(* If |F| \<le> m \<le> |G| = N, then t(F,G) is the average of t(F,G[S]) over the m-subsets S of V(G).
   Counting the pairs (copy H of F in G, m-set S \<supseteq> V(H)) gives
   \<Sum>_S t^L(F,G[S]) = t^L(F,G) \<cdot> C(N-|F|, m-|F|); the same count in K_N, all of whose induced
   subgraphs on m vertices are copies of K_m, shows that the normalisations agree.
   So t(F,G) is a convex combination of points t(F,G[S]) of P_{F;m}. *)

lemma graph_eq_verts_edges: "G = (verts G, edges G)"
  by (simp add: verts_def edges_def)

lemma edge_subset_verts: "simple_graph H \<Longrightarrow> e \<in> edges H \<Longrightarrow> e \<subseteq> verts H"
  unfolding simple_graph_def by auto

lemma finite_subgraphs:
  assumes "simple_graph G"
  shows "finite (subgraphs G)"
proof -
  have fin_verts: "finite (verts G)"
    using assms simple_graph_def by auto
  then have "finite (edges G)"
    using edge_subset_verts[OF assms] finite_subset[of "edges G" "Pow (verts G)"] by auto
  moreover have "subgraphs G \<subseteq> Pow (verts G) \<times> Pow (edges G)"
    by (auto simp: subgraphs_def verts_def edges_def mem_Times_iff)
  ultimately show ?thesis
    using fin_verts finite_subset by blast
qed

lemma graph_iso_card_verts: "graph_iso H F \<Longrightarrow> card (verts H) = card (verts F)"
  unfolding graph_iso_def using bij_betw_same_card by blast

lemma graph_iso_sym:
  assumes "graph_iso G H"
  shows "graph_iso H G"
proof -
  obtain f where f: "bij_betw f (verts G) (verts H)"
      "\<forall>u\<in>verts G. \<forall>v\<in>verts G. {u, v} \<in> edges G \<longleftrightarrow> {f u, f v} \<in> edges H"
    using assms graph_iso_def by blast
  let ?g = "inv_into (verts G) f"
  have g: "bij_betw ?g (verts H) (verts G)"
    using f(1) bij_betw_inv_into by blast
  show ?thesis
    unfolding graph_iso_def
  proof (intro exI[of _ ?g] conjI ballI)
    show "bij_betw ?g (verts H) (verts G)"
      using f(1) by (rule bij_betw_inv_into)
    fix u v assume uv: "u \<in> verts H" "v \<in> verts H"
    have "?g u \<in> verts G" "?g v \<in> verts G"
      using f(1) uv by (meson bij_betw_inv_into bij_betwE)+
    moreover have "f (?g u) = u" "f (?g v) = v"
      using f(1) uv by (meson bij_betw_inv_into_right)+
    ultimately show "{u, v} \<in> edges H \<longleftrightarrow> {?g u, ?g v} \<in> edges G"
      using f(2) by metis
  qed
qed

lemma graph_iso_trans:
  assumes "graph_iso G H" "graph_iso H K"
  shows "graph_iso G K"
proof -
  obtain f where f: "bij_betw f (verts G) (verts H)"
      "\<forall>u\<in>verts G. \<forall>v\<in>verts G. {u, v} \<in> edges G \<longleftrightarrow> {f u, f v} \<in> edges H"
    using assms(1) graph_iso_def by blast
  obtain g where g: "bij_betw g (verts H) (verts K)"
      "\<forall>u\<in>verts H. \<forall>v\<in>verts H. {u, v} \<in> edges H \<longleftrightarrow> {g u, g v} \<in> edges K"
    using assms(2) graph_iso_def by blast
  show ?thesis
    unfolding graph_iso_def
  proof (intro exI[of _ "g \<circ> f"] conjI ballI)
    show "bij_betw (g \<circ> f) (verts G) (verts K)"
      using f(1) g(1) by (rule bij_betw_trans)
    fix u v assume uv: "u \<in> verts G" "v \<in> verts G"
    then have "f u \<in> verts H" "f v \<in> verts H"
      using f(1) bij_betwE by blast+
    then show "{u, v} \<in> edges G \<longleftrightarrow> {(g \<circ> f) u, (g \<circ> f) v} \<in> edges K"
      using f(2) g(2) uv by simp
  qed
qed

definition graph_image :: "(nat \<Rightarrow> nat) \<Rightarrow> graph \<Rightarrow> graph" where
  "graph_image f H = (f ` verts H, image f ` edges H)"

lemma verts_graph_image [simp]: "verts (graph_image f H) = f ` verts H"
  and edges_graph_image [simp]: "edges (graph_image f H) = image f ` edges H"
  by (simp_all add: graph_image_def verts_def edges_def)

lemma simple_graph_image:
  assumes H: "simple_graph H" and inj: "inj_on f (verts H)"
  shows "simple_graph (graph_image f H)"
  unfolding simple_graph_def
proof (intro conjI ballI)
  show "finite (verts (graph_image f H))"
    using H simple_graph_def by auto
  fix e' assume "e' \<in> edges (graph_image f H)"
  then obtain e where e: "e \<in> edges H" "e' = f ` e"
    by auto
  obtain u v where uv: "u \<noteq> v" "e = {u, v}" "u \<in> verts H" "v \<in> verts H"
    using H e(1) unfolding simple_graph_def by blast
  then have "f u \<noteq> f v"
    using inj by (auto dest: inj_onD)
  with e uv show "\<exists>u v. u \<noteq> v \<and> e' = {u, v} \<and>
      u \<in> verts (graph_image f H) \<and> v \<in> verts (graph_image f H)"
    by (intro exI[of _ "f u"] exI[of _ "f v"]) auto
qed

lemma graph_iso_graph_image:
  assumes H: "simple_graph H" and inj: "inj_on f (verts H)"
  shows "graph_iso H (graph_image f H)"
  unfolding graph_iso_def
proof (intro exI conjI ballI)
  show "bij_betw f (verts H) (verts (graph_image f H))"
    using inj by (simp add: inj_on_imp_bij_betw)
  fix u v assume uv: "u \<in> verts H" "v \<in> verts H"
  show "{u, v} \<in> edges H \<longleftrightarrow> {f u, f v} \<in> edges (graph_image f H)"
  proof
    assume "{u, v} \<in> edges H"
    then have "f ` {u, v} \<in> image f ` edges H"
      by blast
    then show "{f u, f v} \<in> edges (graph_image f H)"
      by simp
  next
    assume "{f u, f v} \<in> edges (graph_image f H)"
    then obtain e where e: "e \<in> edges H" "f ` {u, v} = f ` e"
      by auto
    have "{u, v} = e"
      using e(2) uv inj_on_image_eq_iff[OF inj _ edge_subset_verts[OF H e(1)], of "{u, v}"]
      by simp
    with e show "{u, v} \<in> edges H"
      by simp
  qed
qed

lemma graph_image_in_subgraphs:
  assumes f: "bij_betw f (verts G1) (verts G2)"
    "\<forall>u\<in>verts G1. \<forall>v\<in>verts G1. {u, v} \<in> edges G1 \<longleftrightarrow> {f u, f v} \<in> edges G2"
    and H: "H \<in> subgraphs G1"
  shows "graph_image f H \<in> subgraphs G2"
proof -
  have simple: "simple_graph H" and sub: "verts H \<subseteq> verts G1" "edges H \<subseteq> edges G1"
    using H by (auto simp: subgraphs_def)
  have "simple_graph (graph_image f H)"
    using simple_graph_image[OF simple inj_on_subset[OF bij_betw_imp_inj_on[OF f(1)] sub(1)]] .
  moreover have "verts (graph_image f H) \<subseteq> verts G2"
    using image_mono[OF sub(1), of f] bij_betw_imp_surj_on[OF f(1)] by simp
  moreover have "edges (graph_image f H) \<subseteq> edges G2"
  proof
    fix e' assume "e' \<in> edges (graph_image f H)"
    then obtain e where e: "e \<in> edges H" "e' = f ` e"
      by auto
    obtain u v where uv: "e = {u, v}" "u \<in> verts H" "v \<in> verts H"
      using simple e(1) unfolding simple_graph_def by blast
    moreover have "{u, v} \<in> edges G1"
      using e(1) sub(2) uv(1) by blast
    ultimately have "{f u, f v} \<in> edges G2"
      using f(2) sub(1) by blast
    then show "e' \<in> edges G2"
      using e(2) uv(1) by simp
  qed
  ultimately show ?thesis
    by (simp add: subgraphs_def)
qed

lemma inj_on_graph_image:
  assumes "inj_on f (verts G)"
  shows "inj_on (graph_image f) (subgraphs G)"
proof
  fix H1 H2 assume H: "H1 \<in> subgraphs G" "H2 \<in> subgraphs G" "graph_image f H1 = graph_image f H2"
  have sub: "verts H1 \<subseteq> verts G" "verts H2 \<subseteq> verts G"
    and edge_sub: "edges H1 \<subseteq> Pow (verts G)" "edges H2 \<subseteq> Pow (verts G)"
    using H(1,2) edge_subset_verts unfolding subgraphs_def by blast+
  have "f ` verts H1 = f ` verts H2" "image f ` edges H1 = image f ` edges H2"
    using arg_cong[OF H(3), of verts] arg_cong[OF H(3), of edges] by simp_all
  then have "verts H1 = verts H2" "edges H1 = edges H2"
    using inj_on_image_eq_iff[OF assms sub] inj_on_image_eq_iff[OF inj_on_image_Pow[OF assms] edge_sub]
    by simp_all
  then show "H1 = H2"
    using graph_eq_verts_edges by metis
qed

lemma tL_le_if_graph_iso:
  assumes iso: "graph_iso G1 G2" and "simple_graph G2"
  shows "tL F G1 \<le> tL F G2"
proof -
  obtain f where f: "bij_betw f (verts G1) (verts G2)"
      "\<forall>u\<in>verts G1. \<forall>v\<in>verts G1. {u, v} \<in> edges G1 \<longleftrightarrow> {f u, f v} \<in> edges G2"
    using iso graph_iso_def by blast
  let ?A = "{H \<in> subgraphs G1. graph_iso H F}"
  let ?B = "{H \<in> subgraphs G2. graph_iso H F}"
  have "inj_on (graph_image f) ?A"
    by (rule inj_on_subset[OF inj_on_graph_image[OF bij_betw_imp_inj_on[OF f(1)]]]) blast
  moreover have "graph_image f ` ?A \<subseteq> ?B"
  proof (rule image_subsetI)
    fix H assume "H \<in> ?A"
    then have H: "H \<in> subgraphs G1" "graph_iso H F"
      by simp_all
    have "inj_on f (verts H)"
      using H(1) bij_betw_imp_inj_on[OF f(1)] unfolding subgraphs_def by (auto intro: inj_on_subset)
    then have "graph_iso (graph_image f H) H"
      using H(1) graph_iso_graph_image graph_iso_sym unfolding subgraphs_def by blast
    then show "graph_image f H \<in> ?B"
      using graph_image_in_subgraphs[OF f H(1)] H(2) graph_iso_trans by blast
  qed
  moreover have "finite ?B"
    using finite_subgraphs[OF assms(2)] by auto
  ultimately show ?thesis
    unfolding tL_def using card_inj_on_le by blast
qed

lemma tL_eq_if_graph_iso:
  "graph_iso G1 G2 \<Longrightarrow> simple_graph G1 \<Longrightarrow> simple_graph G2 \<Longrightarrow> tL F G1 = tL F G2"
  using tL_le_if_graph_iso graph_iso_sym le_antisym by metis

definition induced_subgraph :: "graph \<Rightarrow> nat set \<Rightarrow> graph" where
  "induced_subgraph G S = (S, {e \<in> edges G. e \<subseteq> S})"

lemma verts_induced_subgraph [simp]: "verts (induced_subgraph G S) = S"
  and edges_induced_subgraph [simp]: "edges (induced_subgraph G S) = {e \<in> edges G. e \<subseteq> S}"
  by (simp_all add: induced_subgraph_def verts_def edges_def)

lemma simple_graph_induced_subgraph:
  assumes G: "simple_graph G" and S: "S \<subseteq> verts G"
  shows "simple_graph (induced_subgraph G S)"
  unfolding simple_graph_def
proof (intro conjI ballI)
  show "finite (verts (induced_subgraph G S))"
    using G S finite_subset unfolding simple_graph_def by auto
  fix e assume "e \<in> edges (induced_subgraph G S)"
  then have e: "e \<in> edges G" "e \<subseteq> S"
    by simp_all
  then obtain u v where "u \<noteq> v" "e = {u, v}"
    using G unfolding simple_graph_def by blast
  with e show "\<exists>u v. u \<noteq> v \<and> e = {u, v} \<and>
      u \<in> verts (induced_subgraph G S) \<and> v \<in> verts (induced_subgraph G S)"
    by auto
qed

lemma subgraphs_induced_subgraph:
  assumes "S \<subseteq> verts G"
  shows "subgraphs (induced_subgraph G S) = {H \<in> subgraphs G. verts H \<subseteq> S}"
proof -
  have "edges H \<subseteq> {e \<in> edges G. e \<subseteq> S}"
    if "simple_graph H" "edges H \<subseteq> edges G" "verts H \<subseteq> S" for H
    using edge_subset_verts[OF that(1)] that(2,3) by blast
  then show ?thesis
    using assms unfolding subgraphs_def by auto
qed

******************************

◆ **Exercise instructions**: Return the entries above unchanged, starting at the first line and stopping after the line with "of whose induced".

◆ **Written solution**:
(* If |F| \<le> m \<le> |G| = N, then t(F,G) is the average of t(F,G[S]) over the m-subsets S of V(G).
   Counting the pairs (copy H of F in G, m-set S \<supseteq> V(H)) gives
   \<Sum>_S t^L(F,G[S]) = t^L(F,G) \<cdot> C(N-|F|, m-|F|); the same count in K_N, all of whose induced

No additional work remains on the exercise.